Method and system for data partitioning and encoding for transmission of uncompressed video over wireless communication channels
Abstract
A method of transmitting uncompressed video over a wireless channel by inputting a frame of pixel information, partitioning spatially correlated (neighboring) pixels into different packets, generating error detection data for each packet and appending the error detection data to each packet, encoding the pixel data, and transmitting the packets separately over a wireless channel. A receiver receives the transmitted packets, decodes the packets, and checks if a received packet is corrupt based on the appended error detection data. For a corrupt packet, the receiver corrects the corrupt pixels using pixel information in other received packets containing neighboring pixels to recover each corrupt pixel in the corrupt packet.
Claims
exact text as granted — not AI-modified1 . A method of transmitting uncompressed video over a wireless channel, comprising the steps of:
inputting a frame of uncompressed video pixel information; partitioning spatially correlated pixels into different partitions, and placing pixels from different partitions into different packets; generating error detection data for each packet, and appending the error detection data to each packet; and transmitting each packet separately over the wireless channel.

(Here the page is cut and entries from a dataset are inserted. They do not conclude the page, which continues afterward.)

(* Let $g$ and $\hat g$ be metrics on an $(n+1)$-manifold with $g=\hat g+\mathcal H\,k\otimes k$, where $k$ is a one-form that is null and affinely geodesic for $g$ ($g^{\alpha\beta}k_\alpha k_\beta=0$, $k^\alpha\nabla_\alpha k_\beta=0$, indices raised with $g$, $\nabla$ the Levi-Civita connection of $g$) and $\mathcal H$ is a function. Let $h^\alpha{}_\beta$ be a projector field with $h_{\alpha\beta}$ symmetric and $h^\alpha{}_\beta k_\alpha=0$. Then the Riemann tensors $R$ of $g$ and $\hat R$ of $\hat g$ satisfy $\hat R^\mu{}_{\alpha\nu\beta}h^\delta{}_\mu h^\nu{}_\gamma h^\alpha{}_\lambda h^\beta{}_\sigma=R^\mu{}_{\alpha\nu\beta}h^\delta{}_\mu h^\nu{}_\gamma h^\alpha{}_\lambda h^\beta{}_\sigma-2\mathcal H\,h^{\delta\tau}h^\nu{}_\gamma h^\alpha{}_\lambda h^\beta{}_\sigma\big(\nabla_{[\nu|}k_{[\tau}\nabla_{\alpha]}k_{|\beta]}+\nabla_{[\nu}k_{\beta]}\nabla_{[\alpha}k_{\tau]}\big)$.
   Context: Square brackets denote antisymmetrization; vertical bars exclude indices from it, so the first term is antisymmetrized in the pair $(\nu,\beta)$ and in the pair $(\tau,\alpha)$. *)

theory Defs
  imports "HOL-Analysis.Analysis"
begin

text \<open>Local coordinate rendering: a chart domain U (open) in real^'n, where
  CARD('n) = n+1 is the manifold dimension.
  Lower-index objects carry lower indices, h x $ a $ b stands for h^a_b.\<close>

definition pd :: "(real^'n \<Rightarrow> real) \<Rightarrow> 'n \<Rightarrow> real^'n \<Rightarrow> real" where
  "pd f i x = frechet_derivative f (at x) (axis i 1)"

fun Ck :: "nat \<Rightarrow> (real^'n) set \<Rightarrow> (real^'n \<Rightarrow> real) \<Rightarrow> bool" where
  "Ck 0 U f = continuous_on U f"
| "Ck (Suc m) U f = ((\<forall>x\<in>U. f differentiable (at x)) \<and> (\<forall>i. Ck m U (pd f i)))"

definition smooth_on :: "(real^'n) set \<Rightarrow> (real^'n \<Rightarrow> real) \<Rightarrow> bool" where
  "smooth_on U f = (\<forall>m. Ck m U f)"

definition metric_on :: "(real^'n) set \<Rightarrow> (real^'n \<Rightarrow> real^'n^'n) \<Rightarrow> bool" where
  "metric_on U g = ((\<forall>a b. smooth_on U (\<lambda>y. g y $ a $ b)) \<and>
     (\<forall>x\<in>U. \<forall>a b. g x $ a $ b = g x $ b $ a) \<and> (\<forall>x\<in>U. det (g x) \<noteq> 0))"

definition ginv :: "(real^'n \<Rightarrow> real^'n^'n) \<Rightarrow> real^'n \<Rightarrow> 'n \<Rightarrow> 'n \<Rightarrow> real" where
  "ginv g x a b = matrix_inv (g x) $ a $ b"

definition chr :: "(real^'n \<Rightarrow> real^'n^'n) \<Rightarrow> real^'n \<Rightarrow> 'n \<Rightarrow> 'n \<Rightarrow> 'n \<Rightarrow> real" where
  "chr g x a b c = (1/2) * (\<Sum>d\<in>UNIV. ginv g x a d *
     (pd (\<lambda>y. g y $ d $ c) b x + pd (\<lambda>y. g y $ d $ b) c x - pd (\<lambda>y. g y $ b $ c) d x))"

text \<open>Riemann tensor R^m_{a n b} = d_n Gamma^m_ab - d_b Gamma^m_an
  + Gamma^m_nl Gamma^l_ab - Gamma^m_bl Gamma^l_an, i.e. R^m_{anb} V^a = [nabla_n, nabla_b] V^m.\<close>
definition riem :: "(real^'n \<Rightarrow> real^'n^'n) \<Rightarrow> real^'n \<Rightarrow> 'n \<Rightarrow> 'n \<Rightarrow> 'n \<Rightarrow> 'n \<Rightarrow> real" where
  "riem g x m a n b =
     pd (\<lambda>y. chr g y m a b) n x - pd (\<lambda>y. chr g y m a n) b x
     + (\<Sum>l\<in>UNIV. chr g x m n l * chr g x l a b - chr g x m b l * chr g x l a n)"

definition covd1 :: "(real^'n \<Rightarrow> real^'n^'n) \<Rightarrow> (real^'n \<Rightarrow> real^'n) \<Rightarrow> real^'n \<Rightarrow> 'n \<Rightarrow> 'n \<Rightarrow> real" where
  "covd1 g k x a b = pd (\<lambda>y. k y $ b) a x - (\<Sum>l\<in>UNIV. chr g x l a b * k x $ l)"

definition raise1 :: "(real^'n \<Rightarrow> real^'n^'n) \<Rightarrow> (real^'n \<Rightarrow> real^'n) \<Rightarrow> real^'n \<Rightarrow> 'n \<Rightarrow> real" where
  "raise1 g k x a = (\<Sum>b\<in>UNIV. ginv g x a b * k x $ b)"

end

theory Submission
  imports Defs
begin

(* Since k is null for g, the inverse of g - H k\<otimes>k is g\<inverse> + H k\<sharp>\<otimes>k\<sharp>.  Writing both
   curvature tensors through the Christoffel symbols of the first kind, their difference becomes an
   explicit polynomial in H, k and their first two derivatives.  Each monomial with an
   undifferentiated factor k in one of the four slots is killed by the projectors, because h
   annihilates k; what survives is the quadratic expression in \<nabla>k. *)

lemma pd_eq_of_has_derivative: "(f has_derivative f') (at x) \<Longrightarrow> pd f i x = f' (axis i 1)"
  unfolding pd_def using frechet_derivative_at by metis

lemma pd_const: "pd (\<lambda>y. c) i x = 0"
  by (rule pd_eq_of_has_derivative[OF has_derivative_const, simplified])

lemma pd_add:
  assumes "f differentiable (at x)" "g differentiable (at x)"
  shows "pd (\<lambda>y. f y + g y) i x = pd f i x + pd g i x"
  using pd_eq_of_has_derivative[OF has_derivative_add[OF assms[unfolded frechet_derivative_works]]]
  by (simp add: pd_def)

lemma pd_diff:
  assumes "f differentiable (at x)" "g differentiable (at x)"
  shows "pd (\<lambda>y. f y - g y) i x = pd f i x - pd g i x"
  using pd_eq_of_has_derivative[OF has_derivative_diff[OF assms[unfolded frechet_derivative_works]]]
  by (simp add: pd_def)

lemma pd_mult:
  assumes "f differentiable (at x)" "g differentiable (at x)"
  shows "pd (\<lambda>y. f y * g y) i x = pd f i x * g x + f x * pd g i x"
  using pd_eq_of_has_derivative[OF has_derivative_mult[OF assms[unfolded frechet_derivative_works]]]
  by (simp add: pd_def algebra_simps)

2 . The method of claim 1 further comprising the steps of:
receiving a transmitted packet; based on the appended error detection data, checking if a received packet is corrupt; recovering corrupt pixels using pixel information in other received packets containing spatially correlated pixels; and reconstructing the video frame from the spatially correlated pixels in the packets.
3 . The method of claim 1 wherein the step of recovering the corrupt pixels further includes the steps of:
determining a difference between each pixel in the corrupt packet with a corresponding pixel of an adjacent non-corrupt packet; and if the difference is greater than a threshold, then recovering each corrupt pixel using corresponding pixel information in an adjacent non-corrupt packet.
4 . The method of claim 3 wherein the step of recovering each corrupt pixel using pixel information in an adjacent non-corrupt packet further includes the steps of replacing each corrupt pixel with a corresponding pixel from an adjacent non-corrupt packet.
5 . The method of claim 4 wherein the step of partitioning further includes the steps of partitioning the pixels, such that pixels with minimal spatial distance are placed into different packets for transmission over the wireless channel.
6 . The method of claim 1 wherein the step of partitioning the pixels into different packets further includes the steps of:
partitioning spatially correlated pixels into K different partitions; selecting the value of the n th pixel at every K pixel block as base information, wherein n<K; for each block:
placing the base information in a packet as BASE pixels; and
encoding information of other pixels in the block as DIFF pixels, and placing the DIFF pixels in another packet.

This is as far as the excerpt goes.